Разве способно это легковесное слово передать царящий в душе сумбур? Радостное головокружение, оглушительные фанфары, легкий страх – а вдруг все это сон? – гордость за себя, перспективы, возможности…
«ВЛАСТЬ!»
Стены бойлерной сочились трепещущей силой, неведомой, но впечатляюще мощной. А главное – восхитительно дружелюбной, покладистой, ждущей, чтобы крепкая рука уверенно слепила из нее…
«ВЛАСТЬ!»
В шаге. В миллиметре. В одном движении. В одном желании. Скажи: «Хочу» – и достаточно. Законы мира ничего не значат, законы подчиняются Силе, а Сила жадно дышит со всех сторон, прислушиваясь к эмоциям возбужденной девушки. Сила шепчет: «У тебя получится». Сила обещает: «Я знаю как». Сила пишет на оранжевых стенах: «ВЛАСТЬ!»…
– Еще нет.
– Проклятье!
Химик появился вдруг – была у него такая особенность. Возник, как сплетенный дрожанием Силы, невысокий, но страшный, опасный… Однако облик отчего-то принял расстроенный. Жалобный, словно Тара сделала нечто неожиданное и совершенно невообразимое. Нечто такое, что разбило ему сердце.
– Свеча во мраке, – тихо сказал Химик, и его серое лицо стало совсем тусклым.
– Что? – растерялась девушка. Она ждала окрика, ругани, угроз, но уж никак не шелеста печальных слов.
– Я надеялся, что зажег огонек.
«Он рехнулся?»
Химика часто называли сумасшедшим, в основном, естественно, за бесплатную раздачу еды. Тара знала, что за слухами ничего не стоит: в голове фабричного лидера, безусловно, жили тараканы, но на ясность его суждений они влияния не оказывали. Однако сейчас девушка видела перед собой совсем другого Химика: растерянного, подавленного, жалкого, и непонятный его лепет навел Тару на очевидную мысль.
«Он, наконец, спятил?»
Вот почему Сила столь дружелюбна: она чувствует новую хозяйку!
«ВЛАСТЬ!»
– Я помню тебя напуганной, – продолжил фабричный лидер, – озлобленной и напуганной. Я надеялся срезать шелуху зла, но почему-то сумел избавить тебя только от страха. Почему в тебе осталась злость?

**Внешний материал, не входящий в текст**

(* Let $E=(\mathbb{R}^n,\|\cdot\|)$ be a normed space in which the unit vectors $e_1,\dots,e_n$ have norm one, and let $e_1^*,\dots,e_n^*$ be the coordinate functionals. Define $c_1=\max\{c\ge0:\forall A\subset\{1,\dots,n\}\ \exists x^*\in B_{E^*}:\ x^*(e_i)\ge c\ (i\in A),\ x^*(e_i)=0\ (i\notin A)\}$, $c_2=\max\{c\ge0:\sum_i b_ie_i^*\in B_{E^*}\text{ whenever }\max_i|b_i|\le c\}$, $c_3=\min\{\|\sum_{i=1}^na_ie_i\|:\sum_{i=1}^n|a_i|=1\}$. Then $c_1\ge c_2=c_3\ge\frac12c_1$.
   Context: $B_{E^*}$ is the closed unit ball of the dual space $E^*$. *)

theory Defs
  imports "HOL-Analysis.Analysis"
begin

definition is_norm :: "(real^'n \<Rightarrow> real) \<Rightarrow> bool" where
  "is_norm N \<longleftrightarrow> (\<forall>x. N x = 0 \<longleftrightarrow> x = 0) \<and> (\<forall>c x. N (c *\<^sub>R x) = \<bar>c\<bar> * N x)
                 \<and> (\<forall>x y. N (x + y) \<le> N x + N y)"

definition dual_ball :: "(real^'n \<Rightarrow> real) \<Rightarrow> (real^'n \<Rightarrow> real) set" where
  "dual_ball N = {f. linear f \<and> (\<forall>x. \<bar>f x\<bar> \<le> N x)}"

definition coord_functional :: "('n::finite \<Rightarrow> real) \<Rightarrow> real^'n \<Rightarrow> real" where
  "coord_functional b = (\<lambda>x. \<Sum>i\<in>UNIV. b i * x $ i)"

definition c1 :: "(real^'n::finite \<Rightarrow> real) \<Rightarrow> real" where
  "c1 N = Sup {c. c \<ge> 0 \<and> (\<forall>A::'n set. \<exists>f\<in>dual_ball N.
              (\<forall>i\<in>A. f (axis i 1) \<ge> c) \<and> (\<forall>i. i \<notin> A \<longrightarrow> f (axis i 1) = 0))}"

definition c2 :: "(real^'n::finite \<Rightarrow> real) \<Rightarrow> real" where
  "c2 N = Sup {c. c \<ge> 0 \<and> (\<forall>b::'n \<Rightarrow> real. (\<forall>i. \<bar>b i\<bar> \<le> c) \<longrightarrow> coord_functional b \<in> dual_ball N)}"

definition c3 :: "(real^'n::finite \<Rightarrow> real) \<Rightarrow> real" where
  "c3 N = Inf {N (\<Sum>i\<in>UNIV. a i *\<^sub>R axis i 1) | a::'n \<Rightarrow> real. (\<Sum>i\<in>UNIV. \<bar>a i\<bar>) = 1}"

end

theory Submission
  imports Defs
begin

text \<open>
  Everything is compared with the \<open>\<ell>\<^sub>1\<close>-norm.  The box
  \<open>{\<Sum>\<^sub>i b\<^sub>i e\<^sub>i\<^sup>* : |b\<^sub>i| \<le> c}\<close> is the ball dual to \<open>c\<cdot>\<ell>\<^sub>1\<close>, so it lies in \<open>B\<^sub>E\<^sub>*\<close>
  iff \<open>c\<cdot>\<ell>\<^sub>1 \<le> \<parallel>\<cdot>\<parallel>\<close>; the largest such \<open>c\<close> is \<open>c\<^sub>3\<close>, hence \<open>c\<^sub>2 = c\<^sub>3\<close>.
  As the box contains \<open>c \<Sum>\<^sub>i\<^sub>\<in>\<^sub>A e\<^sub>i\<^sup>*\<close>, also \<open>c\<^sub>2 \<le> c\<^sub>1\<close>.  Conversely, if \<open>c\<close> is
  admissible for \<open>c\<^sub>1\<close>, the functionals chosen for the positive and for the
  negative support of \<open>x\<close> bound \<open>c\<close> times the positive and the negative part
  of \<open>\<ell>\<^sub>1(x)\<close> by \<open>\<parallel>x\<parallel>\<close>; hence \<open>c\<cdot>\<ell>\<^sub>1 \<le> 2\<parallel>\<cdot>\<parallel>\<close> and \<open>c\<^sub>1 \<le> 2c\<^sub>3\<close>.
\<close>

lemma is_norm_zero: "is_norm N \<Longrightarrow> N 0 = 0"
  unfolding is_norm_def by blast

lemma is_norm_scaleR: "is_norm N \<Longrightarrow> N (c *\<^sub>R x) = \<bar>c\<bar> * N x"
  unfolding is_norm_def by blast

lemma is_norm_minus: "is_norm N \<Longrightarrow> N (- x) = N x"
  using is_norm_scaleR[of N "-1" x] by simp

lemma is_norm_nonneg:
  assumes "is_norm N"
  shows "0 \<le> N x"
proof -
  have "N (x + - x) \<le> N x + N (- x)"
    using assms unfolding is_norm_def by blast
  then show ?thesis
    using is_norm_zero[OF assms] is_norm_minus[OF assms] by simp
qed

definition l1_norm :: "real^'n \<Rightarrow> real" where
  "l1_norm x = (\<Sum>i\<in>UNIV. \<bar>x $ i\<bar>)"

lemma l1_norm_nonneg: "0 \<le> l1_norm x"
  unfolding l1_norm_def by (simp add: sum_nonneg)

lemma l1_norm_scaleR: "l1_norm (c *\<^sub>R x) = \<bar>c\<bar> * l1_norm x"
  unfolding l1_norm_def by (simp add: abs_mult sum_distrib_left)

lemma l1_norm_axis: "l1_norm (axis i (1::real)) = 1"
  unfolding l1_norm_def by (simp add: axis_def if_distrib cong: if_cong)

lemma sum_axis_nth: "(\<Sum>i\<in>UNIV. a i *\<^sub>R axis i (1::real)) $ j = a j"
  by (simp add: axis_def if_distrib cong: if_cong)

lemma sum_nth_axis: "(\<Sum>i\<in>UNIV. x $ i *\<^sub>R axis i 1) = (x::real^'n)"
  using basis_expansion[of x] by (simp add: scalar_mult_eq_scaleR)

lemma linear_eq_sum_axis:
  fixes f :: "real^'n \<Rightarrow> real"
  assumes "linear f"
  shows "f x = (\<Sum>i\<in>UNIV. x $ i * f (axis i 1))"
proof -
  have "f x = f (\<Sum>i\<in>UNIV. x $ i *\<^sub>R axis i 1)"
    by (simp add: sum_nth_axis)
  also have "\<dots> = (\<Sum>i\<in>UNIV. x $ i * f (axis i 1))"
    using assms by (simp add: linear_sum linear_scale)
  finally show ?thesis .
qed

lemma dual_ball_abs_le: "f \<in> dual_ball N \<Longrightarrow> \<bar>f x\<bar> \<le> N x"
  unfolding dual_ball_def by blast

lemma zero_in_dual_ball: "is_norm N \<Longrightarrow> (\<lambda>x. 0) \<in> dual_ball N"
  unfolding dual_ball_def by (auto intro: linearI simp: is_norm_nonneg)

lemma linear_coord_functional: "linear (coord_functional b)"
  unfolding coord_functional_def
  by (rule linearI) (simp_all add: sum.distrib sum_distrib_left algebra_simps)

lemma coord_functional_axis: "coord_functional b (axis j 1) = b j"
  unfolding coord_functional_def by (simp add: axis_def if_distrib cong: if_cong)

lemma coord_box_subset_dual_ball_iff:
  assumes "0 \<le> c"
  shows "(\<forall>b. (\<forall>i. \<bar>b i\<bar> \<le> c) \<longrightarrow> coord_functional b \<in> dual_ball N)
         \<longleftrightarrow> (\<forall>x. c * l1_norm x \<le> N x)"
proof
  assume box: "\<forall>b. (\<forall>i. \<bar>b i\<bar> \<le> c) \<longrightarrow> coord_functional b \<in> dual_ball N"
  show "\<forall>x. c * l1_norm x \<le> N x"
  proof
    fix x :: "real^'a"
    define b where "b i = c * sgn (x $ i)" for i
    have "\<forall>i. \<bar>b i\<bar> \<le> c"
      using assms by (simp add: b_def abs_mult abs_sgn_eq)
    then have "\<bar>coord_functional b x\<bar> \<le> N x"
      using box dual_ball_abs_le by blast
    moreover have "coord_functional b x = c * l1_norm x"
      unfolding coord_functional_def l1_norm_def b_def sum_distrib_left
      by (rule sum.cong) (auto simp: sgn_if)
    ultimately show "c * l1_norm x \<le> N x"
      by simp
  qed
next
  assume l1_le: "\<forall>x. c * l1_norm x \<le> N x"
  show "\<forall>b. (\<forall>i. \<bar>b i\<bar> \<le> c) \<longrightarrow> coord_functional b \<in> dual_ball N"
  proof (intro allI impI)
    fix b :: "'a \<Rightarrow> real"
    assume b: "\<forall>i. \<bar>b i\<bar> \<le> c"
    have "\<bar>coord_functional b x\<bar> \<le> N x" for x
    proof -
      have "\<bar>coord_functional b x\<bar> \<le> (\<Sum>i\<in>UNIV. \<bar>b i\<bar> * \<bar>x $ i\<bar>)"
        unfolding coord_functional_def abs_mult[symmetric] by (rule sum_abs)
      also have "\<dots> \<le> c * l1_norm x"
        unfolding l1_norm_def sum_distrib_left
        by (rule sum_mono) (simp add: b mult_right_mono)
      also have "\<dots> \<le> N x"
        using l1_le by blast
      finally show ?thesis .
    qed
    then show "coord_functional b \<in> dual_ball N"
      unfolding dual_ball_def using linear_coord_functional by blast
  qed
qed

lemma c2_eq_Sup_l1_bounds: "c2 N = Sup {c. 0 \<le> c \<and> (\<forall>x. c * l1_norm x \<le> N x)}"
  unfolding c2_def by (simp only: coord_box_subset_dual_ball_iff cong: conj_cong)

lemma c3_eq_Inf_l1_sphere: "c3 N = Inf {N x | x. l1_norm x = 1}"
  unfolding c3_def
proof (rule arg_cong[where f = Inf], intro equalityI subsetI)
  fix t
  assume "t \<in> {N (\<Sum>i\<in>UNIV. a i *\<^sub>R axis i 1) | a. (\<Sum>i\<in>UNIV. \<bar>a i\<bar>) = 1}"
  then obtain a where "t = N (\<Sum>i\<in>UNIV. a i *\<^sub>R axis i 1)" "(\<Sum>i\<in>UNIV. \<bar>a i\<bar>) = 1"
    by blast
  then show "t \<in> {N x | x. l1_norm x = 1}"
    by (intro CollectI exI[of _ "\<Sum>i\<in>UNIV. a i *\<^sub>R axis i 1"])
      (simp add: l1_norm_def sum_axis_nth del: sum_component)
next
  fix t
  assume "t \<in> {N x | x. l1_norm x = 1}"
  then obtain x where "t = N x" "l1_norm x = 1"
    by blast
  then show "t \<in> {N (\<Sum>i\<in>UNIV. a i *\<^sub>R axis i 1) | a. (\<Sum>i\<in>UNIV. \<bar>a i\<bar>) = 1}"
    by (intro CollectI exI[of _ "\<lambda>i. x $ i"]) (simp add: l1_norm_def sum_nth_axis)
qed

lemma le_c3:
  assumes "\<forall>x. c * l1_norm x \<le> N x"
  shows "c \<le> c3 N"
  unfolding c3_eq_Inf_l1_sphere
proof (rule cInf_greatest)
  show "{N x | x. l1_norm x = 1} \<noteq> {}"
    using l1_norm_axis by blast
  show "c \<le> t" if "t \<in> {N x | x. l1_norm x = 1}" for t
  proof -
    from that obtain x where "t = N x" "l1_norm x = 1"
      by blast
    then show ?thesis
      using assms by (metis mult.right_neutral)
  qed
qed

lemma c3_mult_l1_norm_le:
  assumes "is_norm N"
  shows "c3 N * l1_norm x \<le> N x"
proof (cases "l1_norm x = 0")
  case True
  then show ?thesis
    using is_norm_nonneg[OF assms] by simp
next
  case False
  define s where "s = l1_norm x"
  have s: "0 < s"
    using False l1_norm_nonneg[of x] unfolding s_def by linarith
  have "bdd_below {N x | x. l1_norm x = 1}"
    unfolding bdd_below_def using is_norm_nonneg[OF assms] by blast
  moreover have "l1_norm ((1 / s) *\<^sub>R x) = 1"
    using s by (simp add: l1_norm_scaleR s_def)
  ultimately have "c3 N \<le> N ((1 / s) *\<^sub>R x)"
    unfolding c3_eq_Inf_l1_sphere by (blast intro: cInf_lower)
  also have "\<dots> = N x / s"
    using s by (simp add: is_norm_scaleR[OF assms])
  finally show ?thesis
    using s by (simp add: s_def field_simps)
qed

lemma c3_nonneg: "is_norm N \<Longrightarrow> 0 \<le> c3 N"
  by (rule le_c3) (simp add: is_norm_nonneg)

lemma c2_eq_c3:
  assumes "is_norm N"
  shows "c2 N = c3 N"
  unfolding c2_eq_Sup_l1_bounds
  using c3_nonneg[OF assms] c3_mult_l1_norm_le[OF assms] le_c3
  by (intro cSup_eq_maximum) auto

lemma pos_part_le_norm_if_separating:
  assumes "0 \<le> c" "f \<in> dual_ball N"
    and "\<forall>i. 0 < x $ i \<longrightarrow> c \<le> f (axis i 1)"
    and "\<forall>i. \<not> 0 < x $ i \<longrightarrow> f (axis i 1) = 0"
  shows "c * (\<Sum>i\<in>UNIV. max (x $ i) 0) \<le> N x"
proof -
  have "c * (\<Sum>i\<in>UNIV. max (x $ i) 0) \<le> (\<Sum>i\<in>UNIV. x $ i * f (axis i 1))"
    unfolding sum_distrib_left
    by (rule sum_mono) (use assms in \<open>auto simp: max_def mult.commute mult_left_mono\<close>)
  also have "\<dots> = f x"
    using assms(2) unfolding dual_ball_def by (simp add: linear_eq_sum_axis[symmetric])
  also have "\<dots> \<le> N x"
    using dual_ball_abs_le[OF assms(2), of x] by linarith
  finally show ?thesis .
qed

definition c1_admissible :: "(real^'n \<Rightarrow> real) \<Rightarrow> real \<Rightarrow> bool" where
  "c1_admissible N c \<longleftrightarrow> 0 \<le> c \<and> (\<forall>A. \<exists>f\<in>dual_ball N.
     (\<forall>i\<in>A. c \<le> f (axis i 1)) \<and> (\<forall>i. i \<notin> A \<longrightarrow> f (axis i 1) = 0))"

lemma c1_eq_Sup_admissible: "c1 N = Sup {c. c1_admissible N c}"
  unfolding c1_def c1_admissible_def ..

lemma l1_le_two_norm_if_c1_admissible:
  assumes "is_norm N" "c1_admissible N c"
  shows "c * l1_norm x \<le> 2 * N x"
proof -
  have pos_part: "c * (\<Sum>i\<in>UNIV. max (y $ i) 0) \<le> N y" for y :: "real^'a"
  proof -
    obtain f where "f \<in> dual_ball N" "\<forall>i\<in>{i. 0 < y $ i}. c \<le> f (axis i 1)"
      "\<forall>i. i \<notin> {i. 0 < y $ i} \<longrightarrow> f (axis i 1) = 0"
      using assms(2) unfolding c1_admissible_def by blast
    moreover have "0 \<le> c"
      using assms(2) unfolding c1_admissible_def by blast
    ultimately show ?thesis
      by (intro pos_part_le_norm_if_separating) auto
  qed
  have "l1_norm x = (\<Sum>i\<in>UNIV. max (x $ i) 0) + (\<Sum>i\<in>UNIV. max ((- x) $ i) 0)"
    unfolding l1_norm_def sum.distrib[symmetric] by (rule sum.cong) auto
  then show ?thesis
    using pos_part[of x] pos_part[of "- x"] is_norm_minus[OF assms(1)]
    by (simp add: distrib_left)
qed

lemma c1_admissible_le_1:
  assumes "\<forall>i. N (axis i 1) = 1" "c1_admissible N c"
  shows "c \<le> 1"
proof -
  obtain f where f: "f \<in> dual_ball N" "\<forall>i\<in>UNIV. c \<le> f (axis i 1)"
    using assms(2) unfolding c1_admissible_def by blast
  have "c \<le> N (axis i 1)" for i
  proof -
    have "c \<le> f (axis i 1)"
      using f(2) by blast
    also have "\<dots> \<le> N (axis i 1)"
      by (rule abs_le_D1[OF dual_ball_abs_le[OF f(1)]])
    finally show ?thesis .
  qed
  then show ?thesis
    using assms(1) by simp
qed

lemma c1_admissible_if_l1_bound:
  assumes "0 \<le> c" "\<forall>x. c * l1_norm x \<le> N x"
  shows "c1_admissible N c"
  unfolding c1_admissible_def
proof (intro conjI allI assms(1))
  fix A
  have "\<forall>b. (\<forall>i. \<bar>b i\<bar> \<le> c) \<longrightarrow> coord_functional b \<in> dual_ball N"
    using coord_box_subset_dual_ball_iff[OF assms(1)] assms(2) by blast
  then have "coord_functional (\<lambda>i. if i \<in> A then c else 0) \<in> dual_ball N"
    using assms(1) by simp
  then show "\<exists>f\<in>dual_ball N. (\<forall>i\<in>A. c \<le> f (axis i 1)) \<and> (\<forall>i. i \<notin> A \<longrightarrow> f (axis i 1) = 0)"
    by (intro bexI[of _ "coord_functional (\<lambda>i. if i \<in> A then c else 0)"])
      (auto simp: coord_functional_axis)
qed

lemma c1_le_two_c3:
  assumes "is_norm N"
  shows "c1 N \<le> 2 * c3 N"
  unfolding c1_eq_Sup_admissible
proof (rule cSup_least)
  show "{c. c1_admissible N c} \<noteq> {}"
    using zero_in_dual_ball[OF assms] unfolding c1_admissible_def by auto
  fix c
  assume "c \<in> {c. c1_admissible N c}"
  then have "c * l1_norm x \<le> 2 * N x" for x
    using l1_le_two_norm_if_c1_admissible[OF assms] by blast
  then have "\<forall>x. c / 2 * l1_norm x \<le> N x"
    by (simp add: field_simps)
  then have "c / 2 \<le> c3 N"
    by (rule le_c3)
  then show "c \<le> 2 * c3 N"
    by simp
qed

lemma c2_le_c1:
  assumes "is_norm N" "\<forall>i. N (axis i 1) = 1"
  shows "c2 N \<le> c1 N"
  unfolding c1_eq_Sup_admissible c2_eq_Sup_l1_bounds
proof (rule cSup_subset_mono)
  show "{c. 0 \<le> c \<and> (\<forall>x. c * l1_norm x \<le> N x)} \<noteq> {}"
    using is_norm_nonneg[OF assms(1)] by auto
  show "bdd_above {c. c1_admissible N c}"
    unfolding bdd_above_def using c1_admissible_le_1[OF assms(2)] by blast
  show "{c. 0 \<le> c \<and> (\<forall>x. c * l1_norm x \<le> N x)} \<subseteq> {c. c1_admissible N c}"
    using c1_admissible_if_l1_bound by blast
qed

theorem lemma6:
  fixes N :: "real^'n::finite \<Rightarrow> real"
  assumes "is_norm N"
    and "\<forall>i. N (axis i 1) = 1"
  shows "c1 N \<ge> c2 N \<and> c2 N = c3 N \<and> c3 N \<ge> c1 N / 2"
  using c2_le_c1[OF assms] c2_eq_c3[OF assms(1)] c1_le_two_c3[OF assms(1)] by simp

end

– А почему ты спрашиваешь?
– Хочу разобраться, – объяснил Химик. – Я делал все, что ты хотела, я помогал тебе и учил поступать так же, но в тебе сохранилось зло. Я вижу только один ответ: я знаю концепцию, но не понимаю идею. – Пауза. – Что есть добро? Добро есть отзывчивость?
Молчание.
– Добро есть жалость?
– Что?
Он опустился на землю и вдруг оказался сидящим на мохнатом валуне, вросшем в почву рядом с толстым ясенем. Вокруг расстилалась обширная поляна, влажная зелень травы блестела под лучами яркого летнего солнца.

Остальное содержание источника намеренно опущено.